A 35,000-year-old flute made of vulture bone found in a cave in southwestern Germany is the world’s oldest known musical instrument. The artifact suggests music may have been one advantage our ancestors had over their cousins, the now-extinct Neanderthals, according to a report published in the journal Nature.
The five-holed flute, which is fully intact and made from a griffon vulture’s radius bone, was discovered with fragments of other flutes crafted out of mammoth ivory. The bird-bone instrument was found in a region in which similar instruments have popped up lately, says lead author Nicholas Conard, but this flute is “by far the most complete of the musical instruments so far recovered from the caves.” … Until now the artifacts appeared to be too rare and not as precisely dated to support wider interpretations of the early rise of music [The New York Times]. To make sure the newly discovered instruments were dated correctly, samples were tested independently and using different methods at facilities in England and Germany. Both found the bone to be at least 35,000 years old, during the Modern Paleolithic era.

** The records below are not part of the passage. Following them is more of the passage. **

lemma Re_cosh_Complex: "Re (cosh (Complex l th)) = cosh l * cos th"
  by (simp add: cosh_field_def Re_exp algebra_simps add_divide_distrib)

lemma heat_kernel_Fourier:
  fixes x :: int assumes t: "t \<ge> 0"
  shows "((\<lambda>th. exp (of_real t * (cosh (Complex l th) - 1)) * exp (- (\<i> * of_real (of_int x * th))))
           has_integral of_real (2*pi * exp (l * of_int x) * heat_kernel t x)) {-pi..pi}"
proof -
  define a where "a k = exp (-t) * t^k / fact k" for k
  define E where "E th = exp (- (\<i> * of_real (of_int x * th)))" for th
  define f where "f N th = (\<Sum>k<N. of_real (a k) * (cosh (Complex l th) ^ k * E th))" for N th
  define y where "y N = (\<Sum>k<N. of_real (a k * (2*pi * exp (l * of_int x) * srw_prob k x)) :: complex)" for N
  have a_nonneg: "a k \<ge> 0" for k
    unfolding a_def using t by simp
  have a_sums: "(\<lambda>k. a k * cosh l ^ k) sums (exp (-t) * exp (t * cosh l))"
    using sums_mult[OF exp_sums_real[of "t * cosh l"], of "exp (-t)"]
    by (simp add: a_def power_mult_distrib mult_ac)
  show ?thesis
    unfolding E_def[symmetric]
  proof (rule has_integral_dominated_convergence[where f = f and y = y and h = "\<lambda>_. exp (-t) * exp (t * cosh l)"])
    show "(f N has_integral y N) {-pi..pi}" for N
      unfolding f_def y_def of_real_mult[of "a _"] E_def
      by (intro has_integral_sum finite_lessThan has_integral_mult_right cosh_Complex_power_Fourier)
    show "(\<lambda>_. exp (-t) * exp (t * cosh l)) integrable_on {-pi..pi}"
      by (rule integrable_const_ivl)
    show "\<forall>th\<in>{-pi..pi}. norm (f N th) \<le> exp (-t) * exp (t * cosh l)" for N
    proof
      fix th :: real
      have "norm (f N th) \<le> (\<Sum>k<N. a k * cosh l ^ k)"
        unfolding f_def using a_nonneg norm_cosh_Complex_le[of l th]
        by (intro order_trans[OF norm_sum] sum_mono)
          (auto simp: norm_mult norm_power E_def norm_exp_eq_Re intro!: mult_left_mono power_mono)
      also have "\<dots> \<le> (\<Sum>k. a k * cosh l ^ k)"
        using a_nonneg cosh_real_ge_1[of l]
        by (intro sum_le_suminf[OF sums_summable[OF a_sums]]) auto
      also have "\<dots> = exp (-t) * exp (t * cosh l)"
        using a_sums by (rule sums_unique[symmetric])
      finally show "norm (f N th) \<le> exp (-t) * exp (t * cosh l)" .
    qed
    show "\<forall>th\<in>{-pi..pi}. (\<lambda>N. f N th) \<longlonglongrightarrow> exp (of_real t * (cosh (Complex l th) - 1)) * E th"
    proof
      fix th :: real
      have "(\<lambda>k. (of_real (exp (-t)) * E th) * ((of_real t * cosh (Complex l th))^k /\<^sub>R fact k))
            sums ((of_real (exp (-t)) * E th) * exp (of_real t * cosh (Complex l th)))"
        by (rule sums_mult[OF exp_converges])
      then show "(\<lambda>N. f N th) \<longlonglongrightarrow> exp (of_real t * (cosh (Complex l th) - 1)) * E th"
        unfolding f_def sums_def[symmetric]
        by (simp add: a_def power_mult_distrib scaleR_conv_of_real right_diff_distrib exp_diff
            exp_of_real[symmetric] exp_minus field_simps)
    qed
    show "y \<longlonglongrightarrow> of_real (2*pi * exp (l * of_int x) * heat_kernel t x)"
      using sums_mult[OF heat_kernel_sums[OF t, of x], of "2*pi * exp (l * of_int x)"]
      unfolding y_def sums_def[symmetric] sums_of_real_iff
      by (simp add: a_def mult_ac)
  qed
qed

section \<open>Tilted estimates for the heat kernel\<close>

definition diffusive_scale :: "real \<Rightarrow> real" where
  "diffusive_scale t = (if t \<le> 1 then 1 else 1 / sqrt t)"

lemma diffusive_scale_pos: "diffusive_scale t > 0"
  unfolding diffusive_scale_def by auto

lemma diffusive_scale_le_1: "diffusive_scale t \<le> 1"
  unfolding diffusive_scale_def by auto

lemma mult_diffusive_scale_sq_le_1: "t \<ge> 0 \<Longrightarrow> t * diffusive_scale t ^ 2 \<le> 1"
  unfolding diffusive_scale_def by (auto simp: power_divide)

lemma inverse_one_plus_sq_has_integral:
  fixes a :: real assumes a: "a > 0"
  shows "((\<lambda>th. 1 / (1 + a * th^2)) has_integral (2 * arctan (sqrt a * pi) / sqrt a)) {-pi..pi}"
proof -
  have "((\<lambda>th. 1 / (1 + a * th^2)) has_integral
          (arctan (sqrt a * pi) / sqrt a - arctan (sqrt a * (-pi)) / sqrt a)) {-pi..pi}"
  proof (rule fundamental_theorem_of_calculus)
    fix x :: real
    have "1 + a * x^2 > 0" "a + a * (a * x^2) > 0"
      using a by (simp_all add: add_pos_nonneg)
    then have "((\<lambda>th. arctan (sqrt a * th) / sqrt a) has_real_derivative 1 / (1 + a * x^2)) (at x)"
      using a by (auto intro!: derivative_eq_intros simp: power_mult_distrib) (simp add: field_simps)
    then show "((\<lambda>th. arctan (sqrt a * th) / sqrt a) has_vector_derivative 1 / (1 + a * x^2))
               (at x within {-pi..pi})"
      using has_real_derivative_iff_has_vector_derivative has_vector_derivative_at_within by blast
  qed simp
  then show ?thesis by (simp add: arctan_minus)
qed

lemma integral_inverse_one_plus_sq_le:
  fixes a :: real assumes "a > 0"
  shows "integral {-pi..pi} (\<lambda>th. 1 / (1 + a * th^2)) \<le> pi / sqrt a"
  using integral_unique[OF inverse_one_plus_sq_has_integral[OF assms]] arctan_ubound[of "sqrt a * pi"] assms
  by (simp add: divide_right_mono)

lemma exp_cos_le_inverse:
  fixes t th :: real assumes t: "t \<ge> 0" and th: "\<bar>th\<bar> \<le> pi"
  shows "exp (-t * (1 - cos th)) \<le> 1 / (1 + t/16 * th^2)"
proof -
  have "t * (th^2/16) \<le> t * (1 - cos th)"
    using one_minus_cos_ge_sq[OF th] t by (rule mult_left_mono)
  then have "exp (-t * (1 - cos th)) \<le> exp (-(t/16 * th^2))" by simp
  also have "\<dots> \<le> 1 / (1 + t/16 * th^2)"
    using t by (intro exp_neg_le_inverse) simp
  finally show ?thesis .
qed

lemma abs_mult_exp_cos_le_inverse:
  fixes t th :: real assumes t: "t > 0" and th: "\<bar>th\<bar> \<le> pi"
  shows "\<bar>th\<bar> * exp (-t * (1 - cos th)) \<le> 2 / sqrt (t/16) * (1 / (1 + t/16 * th^2))"
proof -
  define a where "a = t/16"
  define u where "u = a * th^2"
  have a: "a > 0" and u: "u \<ge> 0"
    using t by (simp_all add: a_def u_def)
  \<comment> \<open>AM-GM\<close>
  have "0 \<le> (sqrt a * \<bar>th\<bar> - 1)^2" by simp
  then have "2 * sqrt a * \<bar>th\<bar> \<le> 1 + u"
    using a unfolding u_def by (simp add: power2_eq_square algebra_simps)
  then have "\<bar>th\<bar> \<le> (1 + u) / (2 * sqrt a)"
    using a by (simp add: field_simps)
  moreover have "exp (-t * (1 - cos th)) \<le> exp (-u)"
    using mult_left_mono[OF one_minus_cos_ge_sq[OF th], of t] t by (simp add: u_def a_def)
  ultimately have "\<bar>th\<bar> * exp (-t * (1 - cos th)) \<le> (1 + u) * exp (-u) / (2 * sqrt a)"
    using mult_mono[of "\<bar>th\<bar>" "(1 + u) / (2 * sqrt a)"] by simp
  also have "\<dots> \<le> 4 / (1 + u) / (2 * sqrt a)"
    using one_plus_mult_exp_neg_le[OF u] a by (intro divide_right_mono) simp_all
  also have "\<dots> = 2 / sqrt a * (1 / (1 + u))"
    by simp
  finally show ?thesis unfolding u_def a_def .
qed

lemma continuous_on_inverse_one_plus_sq: "a \<ge> 0 \<Longrightarrow> continuous_on S (\<lambda>th::real. 1 / (1 + a * th^2))"
  by (intro continuous_intros) (metis add_pos_nonneg zero_less_one zero_le_power2 mult_nonneg_nonneg less_irrefl)

lemma integral_exp_cos_le:
  fixes t :: real assumes t: "t \<ge> 0"
  shows "integral {-pi..pi} (\<lambda>th. exp (-t * (1 - cos th))) \<le> 4 * pi * diffusive_scale t"
proof (cases "t \<le> 1")
  case True
  have "integral {-pi..pi} (\<lambda>th. exp (-t * (1 - cos th))) \<le> integral {-pi..pi} (\<lambda>th. 1::real)"
    using t by (intro integral_le integrable_continuous_interval continuous_intros) auto
  with True show ?thesis
    by (simp add: diffusive_scale_def) (use pi_gt_zero in linarith)
next
  case False
  have "integral {-pi..pi} (\<lambda>th. exp (-t * (1 - cos th)))
        \<le> integral {-pi..pi} (\<lambda>th. 1 / (1 + t/16 * th^2))"
    using False
    by (intro integral_le integrable_continuous_interval continuous_intros
        continuous_on_inverse_one_plus_sq exp_cos_le_inverse) auto
  also have "\<dots> \<le> pi / sqrt (t/16)"
    using False by (intro integral_inverse_one_plus_sq_le) simp
  also have "\<dots> = 4 * pi * diffusive_scale t"
    using False by (simp add: diffusive_scale_def real_sqrt_divide)
  finally show ?thesis .
qed

lemma integral_abs_mult_exp_cos_le:
  fixes t :: real assumes t: "t \<ge> 0"
  shows "integral {-pi..pi} (\<lambda>th. \<bar>th\<bar> * exp (-t * (1 - cos th))) \<le> 32 * pi * diffusive_scale t ^ 2"
proof (cases "t \<le> 1")
  case True
  have "integral {-pi..pi} (\<lambda>th. \<bar>th\<bar> * exp (-t * (1 - cos th))) \<le> integral {-pi..pi} (\<lambda>th. pi * 1)"
    using t
    by (intro integral_le integrable_continuous_interval continuous_intros mult_mono) auto
  also have "\<dots> \<le> 32 * pi * diffusive_scale t ^ 2"
    using True pi_less_4 by (simp add: diffusive_scale_def)
  finally show ?thesis .
next
  case False
  have "integral {-pi..pi} (\<lambda>th. \<bar>th\<bar> * exp (-t * (1 - cos th)))
      \<le> integral {-pi..pi} (\<lambda>th. 2 / sqrt (t/16) * (1 / (1 + t/16 * th^2)))"
    using False
    by (intro integral_le integrable_continuous_interval continuous_intros
        continuous_on_inverse_one_plus_sq abs_mult_exp_cos_le_inverse) auto
  also have "\<dots> = 2 / sqrt (t/16) * integral {-pi..pi} (\<lambda>th. 1 / (1 + t/16 * th^2))"
    by (rule integral_mult_right)
  also have "\<dots> \<le> 2 / sqrt (t/16) * (pi / sqrt (t/16))"
    using False by (intro mult_left_mono integral_inverse_one_plus_sq_le) simp_all
  also have "\<dots> = 32 * pi * diffusive_scale t ^ 2"
    using False by (simp add: diffusive_scale_def real_sqrt_divide power_divide)
  finally show ?thesis .
qed

lemma norm_exp_cosh_Complex_le:
  fixes t :: real assumes t: "t \<ge> 0"
  shows "norm (exp (of_real t * (cosh (Complex l th) - 1)))
           \<le> exp (t * (cosh l - 1)) * exp (-t * (1 - cos th))"
proof -
  have "(cosh l - 1) * (cos th - 1) \<le> 0"
    using cosh_real_ge_1[of l] by (intro mult_nonneg_nonpos) simp_all
  then have "t * (cosh l * cos th - 1) \<le> t * ((cosh l - 1) - (1 - cos th))"
    using t by (intro mult_left_mono) (simp_all add: algebra_simps)
  then show ?thesis
    by (simp add: norm_exp_eq_Re Re_cosh_Complex algebra_simps flip: exp_add)
qed

lemma norm_Fourier_integral_le:
  fixes g :: "real \<Rightarrow> complex"
  assumes t: "t \<ge> 0" and g: "(g has_integral I) {-pi..pi}" and AB: "A \<ge> 0" "B \<ge> 0"
    and bound: "\<And>th. norm (g th) \<le> exp (t * (cosh l - 1)) * ((A + B * \<bar>th\<bar>) * exp (-t * (1 - cos th)))"
  shows "norm I \<le> exp (t * (cosh l - 1)) * (A * 4 * pi * diffusive_scale t + B * 32 * pi * diffusive_scale t ^ 2)"
proof -
  define E where "E = exp (t * (cosh l - 1))"
  define k0 where "k0 th = exp (-t * (1 - cos th))" for th
  define k1 where "k1 th = \<bar>th\<bar> * exp (-t * (1 - cos th))" for th
  have k0: "(k0 has_integral integral {-pi..pi} k0) {-pi..pi}"
   and k1: "(k1 has_integral integral {-pi..pi} k1) {-pi..pi}"
    unfolding k0_def k1_def by (intro integrable_integral integrable_continuous_interval continuous_intros)+
  have h: "((\<lambda>th. E * (A * k0 th + B * k1 th)) has_integral
            E * (A * integral {-pi..pi} k0 + B * integral {-pi..pi} k1)) {-pi..pi}"
    by (intro has_integral_mult_right has_integral_add k0 k1)
  have "norm (g th) \<le> E * (A * k0 th + B * k1 th)" for th
    using bound[of th] by (simp add: E_def k0_def k1_def algebra_simps)
  then have "norm (integral {-pi..pi} g) \<le> integral {-pi..pi} (\<lambda>th. E * (A * k0 th + B * k1 th))"
    by (intro integral_norm_bound_integral has_integral_integrable[OF g] has_integral_integrable[OF h])
  then have "norm I \<le> E * (A * integral {-pi..pi} k0 + B * integral {-pi..pi} k1)"
    by (simp only: integral_unique[OF g] integral_unique[OF h])
  also have "\<dots> \<le> E * (A * (4 * pi * diffusive_scale t) + B * (32 * pi * diffusive_scale t ^ 2))"
    unfolding k0_def k1_def using AB integral_exp_cos_le[OF t] integral_abs_mult_exp_cos_le[OF t]
    by (intro mult_left_mono add_mono) (simp_all add: E_def)
  finally show ?thesis by (simp add: E_def mult_ac)
qed

lemma heat_kernel_tilted_le:
  fixes x :: int assumes t: "t \<ge> 0"
  shows "exp (l * of_int x) * \<bar>heat_kernel t x\<bar> \<le> exp (t * (cosh l - 1)) * (2 * diffusive_scale t)"
proof -
  have "norm (of_real (2*pi * exp (l * of_int x) * heat_kernel t x) :: complex)
        \<le> exp (t * (cosh l - 1)) * (1 * 4 * pi * diffusive_scale t + 0 * 32 * pi * diffusive_scale t ^ 2)"
    using norm_exp_cosh_Complex_le[OF t]
    by (intro norm_Fourier_integral_le[OF t heat_kernel_Fourier[OF t]]) (simp_all add: norm_mult)
  then have "2*pi * (exp (l * of_int x) * \<bar>heat_kernel t x\<bar>)
             \<le> 2*pi * (exp (t * (cosh l - 1)) * (2 * diffusive_scale t))"
    unfolding norm_of_real by (simp add: abs_mult mult_ac)
  then show ?thesis
    using pi_gt_zero by (simp add: mult_ac)
qed

lemma norm_scaled_exp_i_minus_one_le:
  "norm (of_real c * exp (- (\<i> * of_real u)) - 1) \<le> \<bar>c - 1\<bar> + \<bar>u\<bar>"
proof -
  have "norm (of_real c * exp (- (\<i> * of_real u)) - 1)
        \<le> norm (of_real (c - 1) * exp (- (\<i> * of_real u))) + norm (exp (\<i> * of_real (-u)) - 1)"
    using norm_triangle_ineq[of "of_real (c - 1) * exp (- (\<i> * of_real u))" "exp (- (\<i> * of_real u)) - 1"]
    by (simp add: algebra_simps)
  also have "norm (of_real (c - 1) * exp (- (\<i> * of_real u))) = \<bar>c - 1\<bar>"
    unfolding norm_mult norm_of_real by simp
  also have "norm (exp (\<i> * of_real (-u)) - 1) \<le> \<bar>u\<bar>"
    using norm_exp_i_minus_one_le[of "-u"] by simp
  finally show ?thesis by simp
qed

The ancient flute give archaeologists a glimpse into a population that was apparently already beginning to form its own culture and traditions. The flutes show that the human society of the time was becoming modern, [comments functional morphologist Jeffrey Laitman]. They were not simply devoting their lives to finding food, he said. The flutes “are telling us about intricate and delicate communication, bonding, social events that are going on” [HealthDay News]. Conard admits it’s not definitively proven that the flutes were made by Homo sapiens, not Neanderthals. Still, he says that the presence of other artistic artifacts near the instruments, such as a busty ivory figurine, mean it’s highly unlikely Neanderthals crafted the flute.
Early humans’ budding culture might have helped them survive while the Neanderthals, which left no concrete evidence of music-making, mysteriously died off. The ancient flutes are evidence for an early musical tradition that likely helped modern humans communicate and form tighter social bonds…. Music may therefore have been important to maintaining and strengthening Stone Age social networks among modern humans, allowing for greater societal organization and strategizing, said Conard [National Geographic News]. The bird-bone flute probably produced a range of harmonic tones similar to modern flute, according to a specialist in ancient music, who reproduced another Stone Age flute made of ivory to see what the original might have sounded like.